CONSTRUINDO A CATEDRAL

         Certa vez, ao visitar uma enorme construção, uma pessoa parou diante de um operário e perguntou-lhe o que estava fazendo. O trabalhador respondeu: "Estou assentando tijolos". Continuando seu passeio, o visitante fez a mesma pergunta a um segundo operário, recebendo como resposta: "Uma parede". Mais adiante, interrogando um terceiro trabalhador (que estava fazendo mesma coisa que os dois primeiros), teve como resposta: "Estou construindo uma catedral".
Por que, muitas vezes, nossos sonhos não se tornam realidade?
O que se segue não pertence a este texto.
lemma gplus_sm: "gplus G (sm f a) = sm f (gplus G a)"
  unfolding gplus_def by (simp add: G_sm sm_scaleR sm_add)

lemma gminus_sm: "gminus G (sm f a) = sm f (gminus G a)"
  unfolding gminus_def by (simp add: G_sm sm_scaleR sm_diff)

lemma module_endo_gplus: "module_endo sm (gplus G)"
  unfolding module_endo_def by (simp add: gplus_add gplus_sm)

lemma module_endo_gminus: "module_endo sm (gminus G)"
  unfolding module_endo_def by (simp add: gminus_add gminus_sm)

lemma G_gplus: "G (gplus G a) = gplus G a"
  unfolding gplus_def by (simp add: G_scaleR G_add algebra_simps)

lemma G_gminus: "G (gminus G a) = - gminus G a"
  unfolding gminus_def by (simp add: G_scaleR G_diff algebra_simps)

lemma gplus_G: "gplus G (G a) = gplus G a"
  unfolding gplus_def by (simp add: algebra_simps)

lemma gminus_G: "gminus G (G a) = - gminus G a"
  unfolding gminus_def by (simp add: algebra_simps)

lemma gplus_fixed: "G a = a \<Longrightarrow> gplus G a = a"
  unfolding gplus_def by (simp add: scaleR_2[symmetric])

lemma gminus_fixed: "G a = - a \<Longrightarrow> gminus G a = a"
  unfolding gminus_def by (simp add: scaleR_2[symmetric])

lemma gplus_gplus [simp]: "gplus G (gplus G a) = gplus G a"
  by (rule gplus_fixed[OF G_gplus])

lemma gminus_gminus [simp]: "gminus G (gminus G a) = gminus G a"
  by (rule gminus_fixed[OF G_gminus])

lemma gplus_gminus [simp]: "gplus G (gminus G a) = 0"
  unfolding gplus_def by (simp add: G_gminus)

lemma gminus_gplus [simp]: "gminus G (gplus G a) = 0"
  unfolding gminus_def by (simp add: G_gplus)

lemma gplus_add_gminus: "gplus G a + gminus G a = a"
proof -
  have "gplus G a + gminus G a = (1/2) *\<^sub>R ((a + G a) + (a - G a))"
    unfolding gplus_def gminus_def by (simp only: scaleR_right_distrib)
  also have "(a + G a) + (a - G a) = 2 *\<^sub>R a"
    by (simp add: scaleR_2)
  finally show ?thesis
    by simp
qed

lemma ip_gplus: "ip (gplus G x) y = ip x (gplus G y)"
  unfolding gplus_def by (simp add: ip_scaleR ip_scaleR_right ip_add ip_add_right ip_G)

lemma ip_gminus: "ip (gminus G x) y = ip x (gminus G y)"
  unfolding gminus_def by (simp add: ip_scaleR ip_scaleR_right ip_diff ip_diff_right ip_G)

lemma ip_gplus_gminus: "ip (gplus G x) (gminus G y) = 0"
  by (simp add: ip_gplus)

lemma ip_gminus_gplus: "ip (gminus G x) (gplus G y) = 0"
  by (simp add: ip_gminus)

lemma ca_trace_plus_to_minus_eq_0:
  assumes "module_endo sm (\<lambda>x. \<phi> (gplus G x))" and "\<And>x. G (\<phi> (gplus G x)) = - \<phi> (gplus G x)"
  shows "tr (\<lambda>x. \<phi> (gplus G x)) = 0"
  using assms by (intro ca_trace_sandwich_eq_0[OF _ module_endo_gplus module_endo_gminus])
    (simp_all add: gminus_fixed)

lemma ca_trace_minus_to_plus_eq_0:
  assumes "module_endo sm (\<lambda>x. \<phi> (gminus G x))" and "\<And>x. G (\<phi> (gminus G x)) = \<phi> (gminus G x)"
  shows "tr (\<lambda>x. \<phi> (gminus G x)) = 0"
  using assms by (intro ca_trace_sandwich_eq_0[OF _ module_endo_gminus module_endo_gplus])
    (simp_all add: gplus_fixed)
(* Let $G=(\mathbb V,\mathbb E,w)$ be a connected undirected graph with $n\ge2$ vertices and nonnegative weights, $\epsilon\in(0,2)$, $\delta\in(0,1/e]$, $\gamma\in(0,1)$, and run Algorithm A (see context), producing $\mathbb V_1$, $\mathbb E_0$, $\mathbb E_1$ and $w'$. For each pair $u,v\in\mathbb V$ fix (depending only on $G$ and $w$) a shortest path $P_{u,v}$ in $G$, and let $P^{\mathbb V_1}_{u,v}$ be the corresponding canonical shortest path. Then there is a universal constant $C>0$ such that, with probability at least $1-4\gamma$, for all $u,v\in\mathbb V$, $$\Big|\sum_{e\in P^{\mathbb V_1}_{u,v}}\big(w'(e)-\bar w(e)\big)\Big|\le C\,n^{1/2}\sqrt{\log(1/\delta)}\,\log^2(n/\gamma)/\epsilon .$$
   Context: $Lap(\mu,\sigma)$: Laplace distribution with location $\mu$, scale $\sigma$, density $\frac{1}{2\sigma}e^{-|x-\mu|/\sigma}$. $d_G(u,v)$: shortest-path distance in $G$. Algorithm A (input $G=(\mathbb V,\mathbb E,w)$, $n=|\mathbb V|$ with $n^{1/2}$ an integer, parameters $\epsilon,\delta,\gamma$): set $\epsilon'=\epsilon/2$; choose $\mathbb V_1\subseteq\mathbb V$ uniformly at random among subsets of size $n^{1/2}$; let $\mathbb E_1=\{\{u,v\}:u,v\in\mathbb V_1,u\neq v\}$ and $\mathbb E_0=\mathbb E\setminus\mathbb E_1$; for $e=\{u,v\}\in\mathbb E_1$ set $w'(e)=d_G(u,v)+X_e$, $X_e\sim Lap(\mu_1,\sigma_1)$ with $\sigma_1=2\sqrt2\,n^{1/2}\sqrt{\log(1/\delta)}/\epsilon'$, $\mu_1=\sigma_1\log(n/\gamma)$; for $e\in\mathbb E_0$ set $w'(e)=w(e)+X_e$, $X_e\sim Lap(\mu_0,\sigma_0)$ with $\sigma_0=1/\epsilon'$, $\mu_0=\sigma_0\log(n^2/\gamma)$; all noises independent; output $G'=(\mathbb V,\mathbb E_0\cup\mathbb E_1,w')$. Define $\bar w(e)=w(e)$ for $e\in\mathbb E_0$ and $\bar w(\{u,v\})=d_G(u,v)$ for $\{u,v\}\in\mathbb E_1$ (so $w'(e)-\bar w(e)=X_e$). Canonical shortest path: given the fixed shortest path $P_{u,v}=(u=x_0,x_1,\dots,x_L=v)$ in $G$, if $P_{u,v}$ contains at most one vertex of $\mathbb V_1$ then $P^{\mathbb V_1}_{u,v}=P_{u,v}$; otherwise let $p$ be the first and $q$ the last vertex of $P_{u,v}$ (traversed from $u$ to $v$) lying in $\mathbb V_1$, and let $P^{\mathbb V_1}_{u,v}$ be the path in $G'$ consisting of the subpath of $P_{u,v}$ from $u$ to $p$, the edge $\{p,q\}\in\mathbb E_1$, and the subpath of $P_{u,v}$ from $q$ to $v$. Edges of $P_{u,v}$ with both endpoints in $\mathbb V_1$ are regarded as the corresponding $\mathbb E_1$ edges. *)

theory Defs
  imports "HOL-Probability.Probability"
begin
A estória acima nos ajuda a entender um pouco esta questão. Aquele que está fazendo uma parede não tem sonhos, simplesmente está juntando tijolos e argamassa e, para seu suplício, isto vai se repetir dia após dia. O primeiro, que está somente assentando tijolos, está em situação ainda pior, não sabendo se os tijolos vão constituir uma parede curta ou longa, alta ou baixa. Nem quantos são os tijolos...
O terceiro trabalhador, todavia, está construindo uma catedral. Em sua mente, ao trabalhar, vê, com clareza, a imponência do edifício e antevê as solenidades que ali ocorrerão, trazendo multidões. Com esta imagem precisa, certamente suas forças e seu interesse se multiplicarão. Terá imenso cuidado e incontida alegria a cada tijolo acrescentado; parará, por vezes, para olhar com admiração e orgulho o seu trabalho já feito e para imaginá-lo já concluído. Nada será capaz de tirá-lo ou desviá-lo de seu objetivo. Suportará e vencerá os obstáculos.
E por que? Porque tem um alvo, um sonho, que se traduz em um objetivo, em uma razão fortíssima para estar ali, como os demais, assentando tijolo por tijolo, parede após parede, mas, diferentemente dos demais, persegue um RESULTADO: a catedral pronta, em festa, cheia de pessoas rezando a seu Deus.
E nós? O que estamos fazendo? Assentando tijolos, fazendo paredes ou construindo uma catedral?
Parece que, algumas vezes, estamos assentando tijolos. Isto é, não temos um sonho que, na linguagem das organizações, pode ser chamado de OBJETIVO. Estamos, é certo, fazendo muitas coisas, o dia todo, o ano inteiro, estamos desempenhando tarefas, bem ou mail, tarefas. Mas, e os resultados?
As vezes, não sabemos o que estamos fazendo numa dimensão maior. E, se não sabemos, não estamos nos dedicando convenientemente a "construir a catedral", a alcançar resultados, a fazer coisas grandes. E, com isto, todos perdemos, nós e a sociedade à qual pertencemos. Não nos permitimos crescer. Condenamo-nos a sermos pequenos.
E esta constatação nos deixa frustrados, incompletos.
Certamente é muito pouco fazer as tarefas que estamos determinados a cumprir, mecânica e automaticamente, por hábito, como robôs. "Cumprimos o dever", "fazemos certinho as coisas", seguimos a rotina ...
Mas, e a catedral?
Sonhemos! Acreditemos! Foquemos! Nosso sonho nos permitirá estabelecer objetivos. Os objetivos vão se constituir em alvos que perseguiremos com determinação e com garra. Sejamos inflexíveis em nossa jornada. Sejamos movidos por uma visão clara do que queremos como pessoas e como membros de uma sociedade de plena cidadania.
Desta forma teremos a catedral que sempre idealizamos.